I keep hearing that feelings are not reliable indicators of a need to ascend, but no one has ever been able to give me a better alternative. If I've been swimming against a current, am tired and cold, etc. then I will "feel" like I need to ascend much sooner than if I'm rested, warm, fresh, etc. and I think those feelings are certainly giving me the facts. Again, what's the alternative? I sure wouldn't want to use my watch for arbitrary times as a guide.

I never look at a watch on the bottom for other than depth, and I use that info to let me know when I should leave the bottom earlier than usual. Its only after I surface that I look at the bottom time on my D3.

"Training static apnea will let you find out what you are capable of and make diving alone more dangerous."

I'm wondering if you meant to say "less" dangerous? The opinion that it would make it more dangerous is exactly why I have not done it.

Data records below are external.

(* Let $\alpha_1,\ldots,\alpha_n$ and $\beta_1,\ldots,\beta_n$ be real numbers with $1\ge\alpha_1\ge\cdots\ge\alpha_n\ge 0$ and $1\ge\beta_1\ge\cdots\ge\beta_n\ge 0$. Define probability distributions on $\{0,1\}^n$ by \[ P(x)=\frac{1}{2^n}\prod_{j=1}^n\big(1+(-1)^{x_j}\alpha_j\big),\qquad Q(y)=\frac{1}{2^n}\prod_{j=1}^n\big(1+(-1)^{y_j}\beta_j\big). \] If $\prod_{j=1}^k\alpha_j\le\prod_{j=1}^k\beta_j$ for all $k=1,\ldots,n$, with equality for $k=n$, then $P\prec Q$.
   Context: For probability vectors $P,Q$ with $N$ entries, $P\prec Q$ (majorization) means: sorting entries in non-increasing order $p^\downarrow_1\ge\cdots\ge p^\downarrow_N$, $q^\downarrow_1\ge\cdots\ge q^\downarrow_N$, one has $\sum_{i=1}^k p^\downarrow_i\le\sum_{i=1}^k q^\downarrow_i$ for all $k=1,\ldots,N$, with equality for $k=N$. *)

theory Defs
  imports Complex_Main
begin

definition majorized :: "real list \<Rightarrow> real list \<Rightarrow> bool" where
  "majorized p q \<longleftrightarrow> length p = length q \<and>
     (\<forall>k \<in> {1..length p}. sum_list (take k (rev (sort p))) \<le> sum_list (take k (rev (sort q)))) \<and>
     sum_list (rev (sort p)) = sum_list (rev (sort q))"

text \<open>Points of {0,1}^n are boolean lists of length n (True stands for 1);
  \<open>List.n_lists n [False, True]\<close> enumerates all of them, each exactly once.\<close>
definition cube_points :: "nat \<Rightarrow> bool list list" where
  "cube_points n = List.n_lists n [False, True]"

text \<open>The product distribution with biases a 0, ..., a (n-1) (paper's alpha_1..alpha_n).\<close>
definition prod_dist :: "nat \<Rightarrow> (nat \<Rightarrow> real) \<Rightarrow> bool list \<Rightarrow> real" where
  "prod_dist n a x = (1 / 2 ^ n) * (\<Prod>j<n. 1 + (if x ! j then -1 else 1) * a j)"

definition majorized_dist :: "nat \<Rightarrow> (bool list \<Rightarrow> real) \<Rightarrow> (bool list \<Rightarrow> real) \<Rightarrow> bool" where
  "majorized_dist n P Q \<longleftrightarrow> majorized (map P (cube_points n)) (map Q (cube_points n))"

end

theory Submission
  imports Defs "HOL-Library.Multiset" "HOL-Library.FuncSet"
begin

text \<open>
  Majorization of weights on finite sets is used in the order-free form: every \<open>k\<close>-subset of
  the first set carries at most as much mass as some \<open>k\<close>-subset of the second; for
  enumerations sorted by weight this is the prefix-sum condition. In this form it is
  transitive, invariant under relabelling and stable under products with nonnegative
  factors. The hypothesis on the biases is used in the same spirit: every \<open>k\<close>-set of
  \<open>\<alpha>\<close>-coordinates has product at most that of some \<open>k\<close>-set of \<open>\<beta>\<close>-coordinates.

  Induct on the number of coordinates, with \<open>a = \<alpha> i\<close> and \<open>b = \<beta> j\<close> the largest biases, so
  \<open>a \<le> b\<close>. If no other \<open>\<beta>\<close>-coordinate lies below \<open>a\<close>, the single coins satisfy
  \<open>coin a \<prec> coin b\<close> and the rest follows by induction. Otherwise let \<open>e = \<beta> m\<close> be the largest
  other \<open>\<beta>\<close>-coordinate below \<open>a\<close> and replace the pair \<open>(b, e)\<close> by \<open>(a, b e / a)\<close>: the
  product is unchanged, the new two-coin distribution is majorized by the old one, the
  product hypothesis survives on the remaining coordinates, and \<open>a\<close> has become a common
  coordinate.
\<close>

definition majorized_on :: "'a set \<Rightarrow> ('a \<Rightarrow> real) \<Rightarrow> 'b set \<Rightarrow> ('b \<Rightarrow> real) \<Rightarrow> bool" where
  "majorized_on A P B Q \<longleftrightarrow> finite A \<and> finite B \<and> card A = card B \<and> sum P A = sum Q B \<and>
     (\<forall>S\<subseteq>A. \<exists>T\<subseteq>B. card T = card S \<and> sum P S \<le> sum Q T)"

lemma majorized_on_refl: "finite A \<Longrightarrow> majorized_on A P A P"
  unfolding majorized_on_def by auto

lemma majorized_on_trans:
  assumes "majorized_on A P B Q" "majorized_on B Q C R"
  shows "majorized_on A P C R"
proof -
  have "\<exists>U\<subseteq>C. card U = card S \<and> sum P S \<le> sum R U" if "S \<subseteq> A" for S
  proof -
    obtain T where T: "T \<subseteq> B" "card T = card S" "sum P S \<le> sum Q T"
      using assms(1) \<open>S \<subseteq> A\<close> unfolding majorized_on_def by blast
    obtain U where U: "U \<subseteq> C" "card U = card T" "sum Q T \<le> sum R U"
      using assms(2) \<open>T \<subseteq> B\<close> unfolding majorized_on_def by blast
    from T U show ?thesis by (intro exI[of _ U]) simp
  qed
  then show ?thesis using assms unfolding majorized_on_def by simp
qed

lemma majorized_on_bij_betw:
  assumes "majorized_on A P B Q" "bij_betw h A A'" "bij_betw k B B'"
    and "\<And>x. x \<in> A \<Longrightarrow> P' (h x) = P x" "\<And>y. y \<in> B \<Longrightarrow> Q' (k y) = Q y"
  shows "majorized_on A' P' B' Q'"
proof -
  have image_h: "card (h ` S) = card S \<and> sum P' (h ` S) = sum P S" if "S \<subseteq> A" for S
  proof -
    have "inj_on h S" using that bij_betw_imp_inj_on[OF assms(2)] by (rule inj_on_subset[rotated])
    then show ?thesis using that assms(4) by (simp add: card_image sum.reindex subset_iff)
  qed
  have image_k: "card (k ` T) = card T \<and> sum Q' (k ` T) = sum Q T" if "T \<subseteq> B" for T
  proof -
    have "inj_on k T" using that bij_betw_imp_inj_on[OF assms(3)] by (rule inj_on_subset[rotated])
    then show ?thesis using that assms(5) by (simp add: card_image sum.reindex subset_iff)
  qed
  have "\<exists>T'\<subseteq>B'. card T' = card S' \<and> sum P' S' \<le> sum Q' T'" if "S' \<subseteq> A'" for S'
  proof -
    define S where "S = {x\<in>A. h x \<in> S'}"
    have S: "S \<subseteq> A" "h ` S = S'"
      using that assms(2) unfolding S_def bij_betw_def by auto
    then obtain T where T: "T \<subseteq> B" "card T = card S" "sum P S \<le> sum Q T"
      using assms(1) unfolding majorized_on_def by blast
    have "k ` T \<subseteq> B'" using T(1) assms(3) unfolding bij_betw_def by blast
    with T show ?thesis
      using image_h[OF S(1)] image_k[OF T(1)] S(2) by (intro exI[of _ "k ` T"]) simp
  qed
  moreover have "h ` A = A'" "k ` B = B'" using assms(2,3) by (simp_all add: bij_betw_def)
  ultimately show ?thesis
    using assms(1) image_h[of A] image_k[of B] unfolding majorized_on_def by auto
qed

lemma majorized_on_Times_left:
  assumes maj: "majorized_on A P B Q" and "finite C" and R: "\<And>c. c \<in> C \<Longrightarrow> 0 \<le> R c"
  shows "majorized_on (C \<times> A) (\<lambda>(c, x). R c * P x) (C \<times> B) (\<lambda>(c, y). R c * Q y)"
proof -
  have fin: "finite A" "finite B" and ex: "\<forall>S\<subseteq>A. \<exists>T\<subseteq>B. card T = card S \<and> sum P S \<le> sum Q T"
    using maj unfolding majorized_on_def by simp_all
  have "\<exists>T\<subseteq>C \<times> B. card T = card S \<and> sum (\<lambda>(c, x). R c * P x) S \<le> sum (\<lambda>(c, y). R c * Q y) T"
    if "S \<subseteq> C \<times> A" for S
  proof -
    define fibre where "fibre c = {x. (c, x) \<in> S}" for c
    have S_eq: "S = Sigma C fibre" using that unfolding fibre_def by auto
    have fibre_sub: "fibre c \<subseteq> A" for c using that unfolding fibre_def by blast
    have "\<forall>c\<in>C. \<exists>T. T \<subseteq> B \<and> card T = card (fibre c) \<and> sum P (fibre c) \<le> sum Q T"
      using ex fibre_sub by blast
    then obtain t where t: "\<forall>c\<in>C. t c \<subseteq> B \<and> card (t c) = card (fibre c) \<and> sum P (fibre c) \<le> sum Q (t c)"
      by (rule bchoice[THEN exE])
    have fin_fibre: "\<forall>c\<in>C. finite (fibre c)"
      using finite_subset[OF fibre_sub fin(1)] by blast
    have fin_t: "\<forall>c\<in>C. finite (t c)"
      using t finite_subset[OF _ fin(2)] by blast
    have "card (Sigma C t) = card S"
      unfolding S_eq using fin_fibre fin_t t \<open>finite C\<close> by (simp add: card_SigmaI)
    moreover have "sum (\<lambda>(c, x). R c * P x) S = (\<Sum>c\<in>C. R c * sum P (fibre c))"
      unfolding S_eq sum.Sigma[OF \<open>finite C\<close> fin_fibre, symmetric] by (simp add: sum_distrib_left)
    moreover have "\<dots> \<le> (\<Sum>c\<in>C. R c * sum Q (t c))"
      using t R by (intro sum_mono mult_left_mono) auto
    moreover have "\<dots> = sum (\<lambda>(c, y). R c * Q y) (Sigma C t)"
      unfolding sum.Sigma[OF \<open>finite C\<close> fin_t, symmetric] by (simp add: sum_distrib_left)
    moreover have "Sigma C t \<subseteq> C \<times> B" using t by blast
    ultimately show ?thesis by (intro exI[of _ "Sigma C t"]) simp
  qed
  moreover have "sum (\<lambda>(c, x). R c * P x) (C \<times> A) = sum (\<lambda>(c, y). R c * Q y) (C \<times> B)"
    using maj unfolding majorized_on_def by (simp add: sum.cartesian_product' sum_distrib_left[symmetric])
  ultimately show ?thesis
    using maj \<open>finite C\<close> unfolding majorized_on_def by (simp add: card_cartesian_product)
qed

About contractions- I guess this shows how conservative I am, but I've never felt a contraction and would be scared to death if I did. I'm in this to spear a few fish, not set bottom time records or prove something to my buddies.

"Another thing is the "seeing stars...............consider it a failed dive and a near-death experience.", do you stop diving or just take it easy? After a samba the blackout usually comes early, with no warning."

I just take it easy, but then I'm not sure what I have experienced on rare occasions qualifies as a samba.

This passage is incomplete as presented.